Locate the string "auto" in the records below. Copy every line where it occurs.

(Entries taken from a collection)
--

(* Let $\mathcal H_{PT}$ and $\mathcal H_{CK}$ be the Hopf algebras described below and define $\mathrm{sk}$ on reduced plane trees by $\mathrm{sk}(|)=\emptyset$ for the single-leaf tree $|$ and, if the root of $t$ has children subtrees $t_1,\dots,t_n$ ($n\ge2$), $\mathrm{sk}(t)=B^+_{n-1}\big(\mathrm{sk}(t_1)\cdots\mathrm{sk}(t_n)\big)$. Then the algebra morphism $\mathrm{sk}:\mathcal H_{PT}\to\mathcal H_{CK}$ extending this map is a morphism of Hopf algebras.
   Context: A reduced plane tree is a rooted plane tree in which every internal vertex has at least two children. For a tree $t_0$ with $n$ leaves, $t_0\circ(t_1,\dots,t_n)$ is obtained by replacing the leaves of $t_0$, from left to right, by the trees $t_1,\dots,t_n$. $\mathcal H_{PT}$ is the free unital associative algebra over $\mathbb C$ generated by the reduced plane trees with at least two leaves, the single-leaf tree $|$ being identified with the unit (so a basis is given by plane forests, i.e. words of such trees), with coproduct defined on trees by $$\Delta(t)=\sum_{t=t_0\circ(t_1,\dots,t_n)} t_0\otimes (t_1\cdot t_2\cdots t_n),$$ the sum over all ways to write $t$ as such a composition ($t_0$ with $n$ leaves, $t_i$ arbitrary reduced plane trees including $|$), and extended as an algebra morphism. $\mathcal H_{CK}$ is the commutative polynomial algebra over $\mathbb C$ on the set of (non-plane) rooted trees whose vertices are decorated by positive integers; its monomials are forests and its unit is the empty forest $\emptyset$. For $n\ge1$ and a forest $F$, $B_n^+(F)$ is the rooted tree with a new root decorated by $n$ joined to the roots of the trees of $F$ ($B_n^+(\emptyset)$ is a single vertex decorated $n$). The coproduct of $\mathcal H_{CK}$ is the algebra morphism defined by $\Delta(\emptyset)=\emptyset\otimes\emptyset$ and $\Delta(B_n^+(F))=\emptyset\otimes B_n^+(F)+(B_n^+\otimes\mathrm{Id})\circ\Delta(F)$. *)

theory Defs
  imports Complex_Main "HOL-Library.Multiset" "HOL-Library.Poly_Mapping" "HOL-Library.Product_Plus"
begin

datatype ptree = PLeaf | PNode "ptree list"

fun reduced :: "ptree \<Rightarrow> bool" where
  "reduced PLeaf = True"
| "reduced (PNode cs) = (2 \<le> length cs \<and> (\<forall>c\<in>set cs. reduced c))"

fun nleaves :: "ptree \<Rightarrow> nat" where
  "nleaves PLeaf = 1"
| "nleaves (PNode cs) = sum_list (map nleaves cs)"

text \<open>graft t0 ts = t0 o (t_1,...,t_n): replace the leaves of t0, from left to right,
  by the trees in ts (meaningful when length ts = nleaves t0).\<close>
fun graft :: "ptree \<Rightarrow> ptree list \<Rightarrow> ptree"
and graft_list :: "ptree list \<Rightarrow> ptree list \<Rightarrow> ptree list" where
  "graft PLeaf ts = hd ts"
| "graft (PNode cs) ts = PNode (graft_list cs ts)"
| "graft_list [] ts = []"
| "graft_list (c # cs) ts = graft c (take (nleaves c) ts) # graft_list cs (drop (nleaves c) ts)"

text \<open>Basis of H_PT: plane forests = words of reduced trees with at least two leaves.\<close>
definition pforest :: "ptree list \<Rightarrow> bool" where
  "pforest w \<longleftrightarrow> (\<forall>t\<in>set w. reduced t \<and> t \<noteq> PLeaf)"

definition HPT :: "(ptree list \<Rightarrow>\<^sub>0 complex) set" where
  "HPT = {x. \<forall>w\<in>Poly_Mapping.keys x. pforest w}"

text \<open>A reduced tree seen as an element of H_PT (the single leaf is the unit, i.e. the empty word).\<close>
fun forest_of :: "ptree \<Rightarrow> ptree list" where
  "forest_of PLeaf = []"
| "forest_of (PNode cs) = [PNode cs]"

definition mulPT :: "(ptree list \<Rightarrow>\<^sub>0 complex) \<Rightarrow> (ptree list \<Rightarrow>\<^sub>0 complex) \<Rightarrow> (ptree list \<Rightarrow>\<^sub>0 complex)" where
  "mulPT x y = (\<Sum>u\<in>Poly_Mapping.keys x. \<Sum>v\<in>Poly_Mapping.keys y. Poly_Mapping.single (u @ v) (Poly_Mapping.lookup x u * Poly_Mapping.lookup y v))"

text \<open>Product of H_PT \<otimes> H_PT, with basis pairs of plane forests.\<close>
definition mulPT2 :: "(ptree list \<times> ptree list \<Rightarrow>\<^sub>0 complex) \<Rightarrow> (ptree list \<times> ptree list \<Rightarrow>\<^sub>0 complex)
    \<Rightarrow> (ptree list \<times> ptree list \<Rightarrow>\<^sub>0 complex)" where
  "mulPT2 X Y = (\<Sum>p\<in>Poly_Mapping.keys X. \<Sum>q\<in>Poly_Mapping.keys Y.
      Poly_Mapping.single (fst p @ fst q, snd p @ snd q) (Poly_Mapping.lookup X p * Poly_Mapping.lookup Y q))"

definition decomps :: "ptree \<Rightarrow> (ptree \<times> ptree list) set" where
  "decomps t = {(t0, ts). reduced t0 \<and> (\<forall>s\<in>set ts. reduced s) \<and>
                          length ts = nleaves t0 \<and> graft t0 ts = t}"

definition DeltaPT_tree :: "ptree \<Rightarrow> (ptree list \<times> ptree list \<Rightarrow>\<^sub>0 complex)" where
  "DeltaPT_tree t = (\<Sum>d\<in>decomps t.
      Poly_Mapping.single (forest_of (fst d), concat (map forest_of (snd d))) 1)"

definition DeltaPT_forest :: "ptree list \<Rightarrow> (ptree list \<times> ptree list \<Rightarrow>\<^sub>0 complex)" where
  "DeltaPT_forest w = foldr (\<lambda>t acc. mulPT2 (DeltaPT_tree t) acc) w (Poly_Mapping.single ([], []) 1)"

definition DeltaPT :: "(ptree list \<Rightarrow>\<^sub>0 complex) \<Rightarrow> (ptree list \<times> ptree list \<Rightarrow>\<^sub>0 complex)" where
  "DeltaPT x = (\<Sum>w\<in>Poly_Mapping.keys x. Poly_Mapping.map (\<lambda>c. Poly_Mapping.lookup x w * c) (DeltaPT_forest w))"

definition epsPT :: "(ptree list \<Rightarrow>\<^sub>0 complex) \<Rightarrow> complex" where
  "epsPT x = Poly_Mapping.lookup x []"

text \<open>Non-plane rooted trees with vertices decorated by naturals; children form a multiset.
  Forests are multisets of trees (monomials of the polynomial algebra).\<close>
datatype dtree = Bplus nat "dtree multiset"

text \<open>H_CK = polynomial algebra on trees = finitely supported functions on forests with
  convolution product; H_CK \<otimes> H_CK has basis pairs of forests.\<close>
type_synonym HCK = "dtree multiset \<Rightarrow>\<^sub>0 complex"
type_synonym HCK2 = "(dtree multiset \<times> dtree multiset) \<Rightarrow>\<^sub>0 complex"

definition Bplus_left :: "nat \<Rightarrow> HCK2 \<Rightarrow> HCK2" where
  "Bplus_left n X = (\<Sum>p\<in>Poly_Mapping.keys X. Poly_Mapping.single ({#Bplus n (fst p)#}, snd p) (Poly_Mapping.lookup X p))"

function DeltaCK_tree :: "dtree \<Rightarrow> HCK2" where
  "DeltaCK_tree (Bplus n F) =
     Poly_Mapping.single ({#}, {#Bplus n F#}) 1
     + Bplus_left n (prod_mset (image_mset DeltaCK_tree F))"
  by pat_completeness auto
termination
proof (relation "measure size")
  fix n and F :: "dtree multiset" and z assume "z \<in># F"
  then show "(z, Bplus n F) \<in> measure size"
    by (induct F) (auto simp: size_multiset_overloaded_def)
qed simp

definition DeltaCK_forest :: "dtree multiset \<Rightarrow> HCK2" where
  "DeltaCK_forest F = prod_mset (image_mset DeltaCK_tree F)"

definition DeltaCK :: "HCK \<Rightarrow> HCK2" where
  "DeltaCK y = (\<Sum>F\<in>Poly_Mapping.keys y. Poly_Mapping.map (\<lambda>c. Poly_Mapping.lookup y F * c) (DeltaCK_forest F))"

definition epsCK :: "HCK \<Rightarrow> complex" where
  "epsCK y = Poly_Mapping.lookup y {#}"

fun sk_tree :: "ptree \<Rightarrow> dtree multiset" where
  "sk_tree PLeaf = {#}"
| "sk_tree (PNode ts) = {#Bplus (length ts - 1) (sum_list (map sk_tree ts))#}"

definition sk_forest :: "ptree list \<Rightarrow> dtree multiset" where
  "sk_forest w = sum_list (map sk_tree w)"

definition sk :: "(ptree list \<Rightarrow>\<^sub>0 complex) \<Rightarrow> HCK" where
  "sk x = (\<Sum>w\<in>Poly_Mapping.keys x. Poly_Mapping.single (sk_forest w) (Poly_Mapping.lookup x w))"

definition sk2 :: "(ptree list \<times> ptree list \<Rightarrow>\<^sub>0 complex) \<Rightarrow> HCK2" where
  "sk2 X = (\<Sum>p\<in>Poly_Mapping.keys X.
      Poly_Mapping.single (sk_forest (fst p), sk_forest (snd p)) (Poly_Mapping.lookup X p))"

end

theory Submission imports Defs begin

--

**EXERCISE RESPONSE**.
  by pat_completeness auto
    by (induct F) (auto simp: size_multiset_overloaded_def)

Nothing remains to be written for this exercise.